There are some other immune diseases you probably heard of, the baby in a bubble kind of thing. There are a few people who were born who have no immune response at all because one of the basic pieces for doing those DNA gymnastics I talked about isn't there.
Those people have no B cells or T cells. They die unless they are absolutely shielded from everything else. And that's one of those cases when gene therapy, if you could get that gene into that person, they'd have an immune system and they could live.
There are other kinds of immune deficiencies that are less extreme, but nevertheless, people will be susceptible to infection.
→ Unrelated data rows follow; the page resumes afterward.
lemma num_cycles_pd_tau_edge_leaf:
  assumes U: "\<forall>x\<in>U. q x \<in> U \<and> r x \<in> U"
  shows "num_cycles B (pd_tau q p r U) = num_cycles B' (pd_tau q p' r (U - {b, c}))"
proof -
  let ?T = "pd_tau q p r U"
  have Uq [simp]: "q x \<in> U \<longleftrightarrow> x \<in> U" and Ur [simp]: "r x \<in> U \<longleftrightarrow> x \<in> U" if "x \<in> B" for x
    using closed_mem_iff[of U q x] closed_mem_iff[of U r x] U that by auto
  have T: "?T b \<notin> {b, c}" "?T c \<notin> {b, c}" by (simp_all add: pd_tau_def)
  have "num_cycles B ?T = num_cycles B' (pd_tau q p' r (U - {b, c})) + card {s \<in> {b, c}. ?T s = s}"
  proof (rule num_cycles_skip[OF finite pd_tau_bij[OF q p r U]])
    show "\<forall>s\<in>{b, c}. ?T s = s \<or> ?T s \<notin> {b, c}" using T by auto
    show "\<forall>y\<in>B'. pd_tau q p' r (U - {b, c}) y = (if ?T y \<in> {b, c} then ?T (?T y) else ?T y)"
      by (auto simp: pd_tau_def)
  qed simp
  moreover have "{s \<in> {b, c}. ?T s = s} = {}" using T by auto
  ultimately show ?thesis by simp
qed

lemma num_cycles_pd_psi_edge_leaf:
  assumes U: "\<forall>x\<in>U. q x \<in> U \<and> r x \<in> U"
  shows "num_cycles B (pd_psi q r U) = num_cycles B' (pd_psi q r (U - {b, c})) + 2"
proof -
  let ?P = "pd_psi q r U"
  have Uq [simp]: "q x \<in> U \<longleftrightarrow> x \<in> U" and Ur [simp]: "r x \<in> U \<longleftrightarrow> x \<in> U" if "x \<in> B" for x
    using closed_mem_iff[of U q x] closed_mem_iff[of U r x] U that by auto
  have P: "?P b = b" "?P c = c" by (auto simp: pd_psi_def)
  have "num_cycles B ?P = num_cycles B' (pd_psi q r (U - {b, c})) + card {s \<in> {b, c}. ?P s = s}"
  proof (rule num_cycles_skip[OF finite pd_psi_bij[OF q r U]])
    show "\<forall>s\<in>{b, c}. ?P s = s \<or> ?P s \<notin> {b, c}" using P by auto
    show "\<forall>y\<in>B'. pd_psi q r (U - {b, c}) y = (if ?P y \<in> {b, c} then ?P (?P y) else ?P y)"
      by (auto simp: pd_psi_def)
  qed simp
  moreover have "{s \<in> {b, c}. ?P s = s} = {b, c}" using P by auto
  ultimately show ?thesis by simp
qed

lemma pd_plane_counts_vertex_leaf:
  assumes U: "U \<subseteq> B" "\<forall>x\<in>U. p x \<in> U \<and> r x \<in> U"
    and IH: "pd_plane_counts \<lparr>blades = B', r0 = p', r1 = q, r2 = r\<rparr> (U - {b, c})"
  shows "pd_plane_counts \<lparr>blades = B, r0 = p, r1 = q, r2 = r\<rparr> U"
proof -
  have "B - U - {b, c} = B' - (U - {b, c})" by auto
  then have "num_cycles B (pd_tau p q r (B - U))
      = num_cycles B' (pd_tau p' q r (B' - (U - {b, c}))) + (if b \<in> U then 2 else 0)"
    using num_cycles_pd_tau_vertex_leaf[OF vertex_leaf_subsets(3)[OF U]] by simp
  moreover note card_B
  ultimately show ?thesis
    using IH num_cycles_pd_tau_vertex_leaf[OF U(2)] num_cycles_pd_psi_vertex_leaf[OF U(2)]
    by (auto simp: pd_plane_counts_def)
qed

lemma pd_plane_counts_edge_leaf:
  assumes U: "U \<subseteq> B" "\<forall>x\<in>U. q x \<in> U \<and> r x \<in> U"
    and IH: "pd_plane_counts \<lparr>blades = B', r0 = q, r1 = p', r2 = r\<rparr> (U - {b, c})"
  shows "pd_plane_counts \<lparr>blades = B, r0 = q, r1 = p, r2 = r\<rparr> U"
proof -
  have "B - U - {b, c} = B' - (U - {b, c})" by auto
  then have "num_cycles B (pd_tau q p r (B - U)) = num_cycles B' (pd_tau q p' r (B' - (U - {b, c})))"
    using num_cycles_pd_tau_edge_leaf[OF edge_leaf_subsets(3)[OF U]] by simp
  moreover note card_B
  ultimately show ?thesis
    using IH num_cycles_pd_tau_edge_leaf[OF U(2)] num_cycles_pd_psi_edge_leaf[OF U(2)]
    by (auto simp: pd_plane_counts_def)
qed

end

lemma pd_plane_counts_acyclic:
  assumes "hypermap H" and "blades H \<noteq> {}" and "connected_blades H"
    and "\<not> hg_has_cycle (hm_vertices H) (hm_hyperedges H) hm_inc"
    and "U \<subseteq> blades H" and "\<forall>x\<in>U. r0 H x \<in> U \<and> r2 H x \<in> U"
  shows "pd_plane_counts H U"
  using assms
proof (induction "card (blades H)" arbitrary: H U rule: less_induct)
  case less
  let ?B = "blades H"
  have H: "H = \<lparr>blades = ?B, r0 = r0 H, r1 = r1 H, r2 = r2 H\<rparr>" by simp
  have fin: "finite ?B" and inv: "fpf_involution ?B (r0 H)" "fpf_involution ?B (r1 H)"
    "fpf_involution ?B (r2 H)" using less.prems(1) by (simp_all add: hypermap_def)
  show ?case
  proof (cases "card ?B \<le> 2")
    case True
    obtain x where "x \<in> ?B" using less.prems(2) by blast
    then show ?thesis by (rule pd_plane_counts_two_blades[OF less.prems(1) _ True])
  next
    case False
    obtain b where b: "b \<in> ?B" "r1 H b = r2 H b \<or> r0 H b = r2 H b"
      using hypermap_leaf_exists less.prems(1,2,4) by blast
    have not_loop: "\<not> (r0 H b = r2 H b \<and> r1 H b = r2 H b)"
      using connected_blades_card_le_2[OF less.prems(1,3) b(1)] False by blast
    show ?thesis
    proof (cases "r1 H b = r2 H b")
      case True
      interpret L: leaf_removal ?B "r0 H" "r1 H" "r2 H" b
        by unfold_locales (use fin inv b True not_loop in auto)
      note reduct = L.vertex_leaf_reduct[folded H, OF less.prems(1,3,4)]
      note subsets = L.vertex_leaf_subsets[OF less.prems(5,6)]
      have "L.B' \<noteq> {}" using L.card_B \<open>\<not> card ?B \<le> 2\<close> by (intro notI) simp
      then have "pd_plane_counts \<lparr>blades = L.B', r0 = L.p', r1 = r1 H, r2 = r2 H\<rparr> (U - {b, L.c})"
        using L.card_B reduct subsets by (intro less.hyps) auto
      then show ?thesis using L.pd_plane_counts_vertex_leaf[OF less.prems(5,6)] H by simp
    next
      case False
      interpret L: leaf_removal ?B "r1 H" "r0 H" "r2 H" b
        by unfold_locales (use fin inv b False in auto)
      note reduct = L.edge_leaf_reduct[folded H, OF less.prems(1,3,4)]
      note subsets = L.edge_leaf_subsets[OF less.prems(5,6)]
      have "L.B' \<noteq> {}" using L.card_B \<open>\<not> card ?B \<le> 2\<close> by (intro notI) simp
      then have "pd_plane_counts \<lparr>blades = L.B', r0 = r0 H, r1 = L.p', r2 = r2 H\<rparr> (U - {b, L.c})"
        using L.card_B reduct subsets by (intro less.hyps) auto
      then show ?thesis using L.pd_plane_counts_edge_leaf[OF less.prems(5,6)] H by simp
    qed
  qed
qed

lemma pd_euler_genus_acyclic_hypertree:
  assumes T: "hypertree_map T" and acyclic: "\<not> hg_has_cycle (hm_vertices T) (hm_hyperedges T) hm_inc"
    and A: "A \<subseteq> hm_hyperedges T"
  shows "pd_euler_genus T A = 0"
proof -
  let ?B = "blades T" and ?U = "\<Union>A"
  have H: "hypermap T" and conn: "connected_blades T"
    using T connected_blades_if_hg_connected by (auto simp: hypertree_map_def hg_hypertree_def)
  note genus = pd_euler_genus_eq[OF H A] and U = hyperedges_Union_closed[OF H A]
  show ?thesis
  proof (cases "?B = {}")
    case True
    then show ?thesis using genus by (simp add: num_orbits_def num_cycles_def)
  next
    case False
    have "pd_plane_counts T ?U" using pd_plane_counts_acyclic[OF H False conn acyclic U] .
    then obtain k1 k2 k3 where k: "num_cycles ?B (pd_tau (r0 T) (r1 T) (r2 T) ?U) = 2 * k1"
      "num_cycles ?B (pd_psi (r0 T) (r2 T) ?U) = 2 * k2"
      "num_cycles ?B (pd_tau (r0 T) (r1 T) (r2 T) (?B - ?U)) = 2 * k3"
      "2 * k1 + 2 * k2 + 2 * k3 = card ?B + 4"
      unfolding pd_plane_counts_def by (metis evenE)
    then have "int (card ?B) div 2 = int k1 + int k2 + int k3 - 2" by linarith
    then show ?thesis using genus k num_orbits_pd_eq_1[OF H conn False U(2)] by simp
  qed
qed

theorem mainTheorem10:
  fixes T :: "'b hypermap"
  assumes "hypertree_map T"
    and "\<not> hg_has_cycle (hm_vertices T) (hm_hyperedges T) hm_inc"
  shows "pd_eg_poly T = (\<lambda>z. 2 ^ card (hm_hyperedges T))"
proof
  fix z :: real
  have "finite (hm_hyperedges T)"
    using assms(1) by (simp add: hypertree_map_def hypermap_def hm_hyperedges_def)
  moreover have "pd_eg_poly T z = card (Pow (hm_hyperedges T))"
    unfolding pd_eg_poly_def using pd_euler_genus_acyclic_hypertree[OF assms] by simp
  ultimately show "pd_eg_poly T z = 2 ^ card (hm_hyperedges T)" by (simp add: card_Pow)
qed

end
The other one which I've already talked about, but now you can see in another context is AIDS, Acquired Immune Deficiency Syndrome.
And I told you what the HIV virus does is it injects its RNA.
That makes a DNA copy. It goes into protein. The cells that it affects our special type of T cell called T helper cells.
What they are doesn't matter so much, but what's important to know is they're needed for both branches of the immune system.
They play roles in the humoral response and cellular response.
So, someone who gets infected with HIV, what happens is the virus is replicating in these helper T cells. And so their immune system is slowly, slowly being knocked away. And the last thing, which I won't have time to talk about, but if you have an allergy, that's an overreaction of the immune system. So this is my last lecture.
I've got to let you guys go. It's been a true pleasure to talk to you; A real honor to meet many of you. And many of you put a lot of effort into those little answers. I really, really appreciate that.
For those who'd rather not be here, I hope that somewhere down the line when you're confronted with a medical situation dealing with your parents, your child, yourself, whatever it is, that some of the stuff that you heard will reemerge to help you with those decisions. And I wish you the best of luck for the rest of the course, and the rest of your careers at MIT and beyond. Thanks very much. And as I leave, too, I've had the pleasure of just having an incredible teaching staff.
I don't think you guys know how hard they work behind the scenes, but thanks to all of you for being with me.